とある夏の日に
猛暑が過ぎ去り、少しだけ涼しくなって来た、とある夏の日。一人でガレージの天井を見上げていた。
ふてぶてしく起き上がると、ヘルメットの小傷や、今年で随分と使い込んだグローブのほつれなんかを気にしながらシャツを羽織った。
ゆっくりと愛車を車庫から出してシャッターを閉める。その時、優しい風が葉を揺らし、頰を撫でた。空を見上げるとのどかな青空が広がっている。
そんな、夏の日だ。
キックを踏み降ろすとエンジンが機嫌良く回り、サイレンサーから白煙が吐き出される。グローブを履いて、クラッチを人差し指と中指でいつもより丁寧に握り、ペダルをつま先でカコンッと落とす。何度か吹かし、回転数を合わせながら走り出した。
途中まで閉めたジャケットのチャックの隙間から、風が入り込み全身を包む。
この田舎町の真ん中を通る、道を走っているとコンビニから出て来た中根がこちらに気づき、軽く手を振って来た。それに応える為、左手をヘルメットの横まで上げた。
それから少し走ると、次は俊介と佐々木さんが二人で歩いていた。二人ともこちらに気づき、大きく手を振って来た。再び左手を振って応える。
信号待ちをしていると、反対車線に森中が見えた、ジェットヘルの向こう側にニッコリと笑う顔が見えた。フルフェイス越しに軽く笑顔を見せて、左手を振る。
町中を走っていると祭りがあった通りを走っていた。今年の夏を思い出し、少しだけせつなさを感じる。汗を掻きながら自称レーサーを助けた日、歓迎会で食った肉の味と潮の香り、告白を見届けた後に二人で語りあった祭り後の夜、赤い太陽に消えゆくバイクを追いかけた夕暮れ、夜の学校に忍び込み逃げ回った胸の鼓動、オイルの焼ける匂い、革ツナギとレプリカヘルメット。

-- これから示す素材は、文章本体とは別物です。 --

lemma source_walk_unique:
  "walk X s u q \<Longrightarrow> walk X s u q' \<Longrightarrow> u \<noteq> t \<Longrightarrow> q = q'"
proof (induction q arbitrary: u q' rule: rev_induct)
  case (snoc c q)
  obtain q'' c' where q': "q' = q'' @ [c']"
    using snoc.prems(2) by (metis walk_def rev_exhaust)
  show ?case
  proof (cases "q = []")
    case True
    then have "u = s" "c = s" using snoc.prems(1) by (auto simp: walk_def)
    have "q'' = []"
    proof (rule ccontr)
      assume "q'' \<noteq> []"
      then have "(last q'', u) \<in> X" using snoc.prems(2) q' by (auto simp: walk_append_iff)
      with \<open>u = s\<close> no_arc_into_source show False by blast
    qed
    with True snoc.prems(2) q' \<open>c = s\<close> \<open>u = s\<close> show ?thesis by (auto simp: walk_def)
  next
    case False
    then have arc: "(last q, u) \<in> X" and walk: "walk X s (last q) q" and "c = u"
      using snoc.prems(1) by (simp_all add: walk_append_iff)
    have "q'' \<noteq> []"
      using snoc.prems(2) q' arc no_arc_into_source by (auto simp: walk_def)
    then have arc': "(last q'', u) \<in> X" and walk': "walk X s (last q'') q''" and "c' = u"
      using snoc.prems(2) q' by (simp_all add: walk_append_iff)
    have "last q = last q''" using predecessor_unique[OF arc arc' snoc.prems(3)] .
    moreover have "last q \<noteq> t" using arc no_arc_out_of_sink by blast
    ultimately have "q = q''" using snoc.IH[OF walk] walk' by simp
    with q' \<open>c = u\<close> \<open>c' = u\<close> show ?thesis by simp
  qed
qed (simp add: walk_def)

lemma source_walk_distinct: "walk X s u q \<Longrightarrow> distinct q"
proof (induction q arbitrary: u rule: rev_induct)
  case (snoc c q)
  show ?case
  proof (cases "q = []")
    case False
    then have walk: "walk X s (last q) q" and "c = u"
      using snoc.prems by (simp_all add: walk_append_iff)
    have "u \<notin> set q"
    proof
      assume "u \<in> set q"
      then obtain q1 q2 where q: "q = q1 @ u # q2" by (meson split_list)
      have "walk X s u ((q1 @ [u]) @ (q2 @ [u]))"
        using snoc.prems q \<open>c = u\<close> by simp
      then have "walk X s u (q1 @ [u])" and "(u, hd (q2 @ [u])) \<in> X"
        using walk_append_iff[of "q1 @ [u]" "q2 @ [u]" X s u] by auto
      then have "q1 @ [u] = q @ [u]"
        using source_walk_unique snoc.prems \<open>c = u\<close> no_arc_out_of_sink by blast
      then show False using q by simp
    qed
    with snoc.IH[OF walk] \<open>c = u\<close> show ?thesis by simp
  qed simp
qed simp

lemma route_is_path:
  assumes "walk X s t W" shows "is_path N A s t W"
proof -
  obtain W' where W: "W = s # W'"
    using assms by (cases W) (auto simp: walk_def)
  moreover have "W' \<noteq> []" using assms source_ne_sink W by (auto simp: walk_def)
  ultimately have "(s, hd W') \<in> X" using assms by (simp add: walk_Cons_iff)
  then have "insert s (snd ` X) \<subseteq> N" using arcs_subset A_subset by force
  then have "set W \<subseteq> N" using walk_set_subset[OF assms] by blast
  moreover have "distinct W" using source_walk_distinct[OF assms] .
  moreover have "\<forall>k. Suc k < length W \<longrightarrow> (W ! k, W ! Suc k) \<in> A"
    using assms arcs_subset by (auto simp: walk_def successively_conv_nth)
  ultimately show ?thesis using assms by (auto simp: is_path_def walk_def)
qed

lemma source_walk_extends_to_route:
  assumes "walk X s u q" "(u, v) \<in> X" shows "\<exists>W. walk X s t W \<and> set q \<subseteq> set W"
proof -
  obtain r where "walk X v t r" using sink_walk_exists[OF assms(2)] by blast
  then have "walk X s t (q @ tl (u # r))" using walk_append[OF assms(1) walk_Cons[OF assms(2)]] by blast
  then show ?thesis by (intro exI[of _ "q @ r"]) simp
qed

definition downstream_arcs :: "'v \<Rightarrow> ('v \<times> 'v) set" where
  "downstream_arcs i = {(u, v) \<in> X. \<exists>q. walk X s u q \<and> i \<in> set q}"

lemma downstream_arcs_subset: "downstream_arcs i \<subseteq> X"
  by (auto simp: downstream_arcs_def)

lemma downstream_arcs_leave:
  assumes "(i, w) \<in> X" "i \<in> V" "t \<notin> V"
  shows "\<exists>u v. (u, v) \<in> downstream_arcs i \<and> u \<in> V \<and> v \<notin> V"
proof -
  obtain q where q: "walk X s i q" using source_walk_exists[OF assms(1)] by blast
  obtain r where "walk X w t r" using sink_walk_exists[OF assms(1)] by blast
  then have "walk X i t (i # r)" by (rule walk_Cons[OF assms(1)])
  from walk_leaves_set[OF this assms(2,3)] obtain u v p
    where p: "walk X i u p" and uv: "(u, v) \<in> X" "u \<in> V" "v \<notin> V"
    by blast
  have "walk X s u (q @ tl p)" using walk_append[OF q p] .
  moreover have "i \<in> set (q @ tl p)" using walk_last_in_set[OF q] by simp
  ultimately show ?thesis using uv unfolding downstream_arcs_def by blast
qed

lemma downstream_arcs_disjoint:
  assumes "conflicting N A s t d T i j"
  shows "downstream_arcs i \<inter> downstream_arcs j = {}"
proof (rule ccontr)
  assume "downstream_arcs i \<inter> downstream_arcs j \<noteq> {}"
  then obtain u v q q' where uv: "(u, v) \<in> X" and q: "walk X s u q" "i \<in> set q"
    and q': "walk X s u q'" "j \<in> set q'"
    unfolding downstream_arcs_def by blast
  have "u \<noteq> t" using uv no_arc_out_of_sink by blast
  then have "q' = q" using source_walk_unique[OF q'(1) q(1)] by blast
  then obtain W where W: "walk X s t W" "i \<in> set W" "j \<in> set W"
    using source_walk_extends_to_route[OF q(1) uv] q q' by blast
  then show False
    using assms route_is_path[OF W(1)] route_time_le[OF W(1)] by (auto simp: conflicting_def)
qed

end

locale F2_solution =
  fixes N :: "'v set" and A :: "('v \<times> 'v) set" and s t :: 'v and S P :: "'v set"
    and p :: "'v \<Rightarrow> int" and d :: "'v \<times> 'v \<Rightarrow> real" and m :: nat and T :: real
    and x :: "'v \<times> 'v \<Rightarrow> real" and y :: "'v \<Rightarrow> real" and f :: "'v \<times> 'v \<Rightarrow> real" and \<phi> :: real
  assumes is_instance: "stop_instance N A s t S P p d m T"
    and is_feasible: "F2_feasible N A s t S P d m T x y f \<phi>"
begin

definition selected :: "('v \<times> 'v) set" where
  "selected = {a \<in> A. x a = 1}"

lemma finite_vertices: "finite N" and graph_arcs: "A \<subseteq> N \<times> N"
  using is_instance unfolding stop_instance_def by blast+

lemma graph_finite: "finite A"
  using finite_subset[OF graph_arcs] finite_vertices by blast

lemma inner_vertices: "S \<union> P = N - {s, t}"
proof -
  have "S \<subseteq> N - {s, t}" "P \<subseteq> N - {s, t}" "N = S \<union> P \<union> {s, t}"
    using is_instance unfolding stop_instance_def by blast+
  then show ?thesis by blast
qed
lemma le_peak_value: "g (e, w) \<le> peak_value e"
proof -
  obtain m where "\<And>w. g (e, w) \<le> g (e, m)"
    using fibre.hump_imp_maximum[OF hump] by blast
  then have "\<exists>m. \<forall>w. g (e, w) \<le> g (e, m)"
    by blast
  then have "\<forall>w. g (e, w) \<le> g (e, peak e)"
    unfolding peak_def by (rule someI_ex)
  then show ?thesis
    by (simp add: peak_value_def)
qed

lemma less_peak_value: "w \<noteq> peak e \<Longrightarrow> g (e, w) < peak_value e"
  using fibre.maximum_unique[OF le_peak_value[unfolded peak_value_def]] le_peak_value
  by (fastforce simp: peak_value_def order.order_iff_strict)

lemma value_below_peak:
  assumes "v < peak_value e"
  shows "\<exists>t < peak e. g (e, t) = v" "\<exists>t > peak e. g (e, t) = v"
  using fibre.value_below_maximum[OF le_peak_value[unfolded peak_value_def]] assms
  by (simp_all add: peak_value_def)

lemma attains_iff_le_peak_value: "(\<exists>t. g (e, t) = v) \<longleftrightarrow> v \<le> peak_value e"
  using le_peak_value value_below_peak(1)[of v e] by (force simp: peak_value_def order.order_iff_strict)

lemma continuous_peak_value: "continuous_on UNIV peak_value"
proof -
  \<comment> \<open>lower semicontinuity: \<open>peak_value\<close> is a supremum of continuous functions\<close>
  have "open {e. a < peak_value e}" for a
  proof -
    have "{e. a < peak_value e} = (\<Union>t. {e. a < g (e, t)})"
      using le_peak_value by (force simp: peak_value_def intro: less_le_trans)
    then show ?thesis
      by (auto intro!: open_Collect_less continuous_on_fixed_snd[OF continuous] continuous_intros)
  qed
  \<comment> \<open>upper semicontinuity: the range of \<open>G\<close> is closed\<close>
  moreover have "open {e. peak_value e < a}" for a
  proof -
    have "{e. peak_value e < a} = {e. \<not> (e, a) \<in> range (fibre_map g)}"
      by (auto simp: range_fibre_map_iff attains_iff_le_peak_value not_le)
    then show ?thesis
      by (auto intro!: open_Collect_neg closed_graph_vimage closed_image continuous_intros)
  qed
  ultimately show ?thesis
    using continuous_map_upper_lower_semicontinuous_lt[of euclidean peak_value] by simp
qed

いろんなことがあった夏の情景、忘れないだろう。思い出の半分が詰まったバンバンはガレージに眠っている。そして今もエンジンの鼓動を響かせているこのバイクには、これからも思い出が増えていくだろう。それにいつか更に歳を重ねる度、バイクも変わっていく。それでもバイクに乗る心と、増えゆく思い出は変わらないだろう。
峠の駐車場に着いてヘルメットを脱ぐと、ほんのり冷たい風が吹いている。今年も夏が終わる。必ず季節は巡り、秋が来て葉を枯らし、冬が来て雪を積もらせ、春が来て桜を咲かせ、来年もまた夏が来る。そうすれば自分もまた歳を重ねているだろう。
空の下にエンジン音が響き渡った。前を見ると木穂がバイクに跨って、こちらを見ている。
「夏の間に随分と勝負したな」
ヘルメット越しの彼女が少しだけ笑って、小さく頷いた。
「下りで勝負、するか?」
「負けたら、どうするの」
「そうだな、またあの温泉に行くってのはどうだ?」
「わざと負けるかもよ」
「お前らしくない冗談だな」
「そう?」
「じゃあメシでも奢ろう」
そう言うと素早くシールドを閉めた。「笑うようになったな」と言おうとしたがそれは勝負がついてからにしよう。
ヘルメットを被る、グローブを履く、ギアを入れクラッチを繋ぐ。
峠から町にエンジン音を響かせるバイクが二台。今年も夏は終わる。でも、それはあともう少しだけ先の話。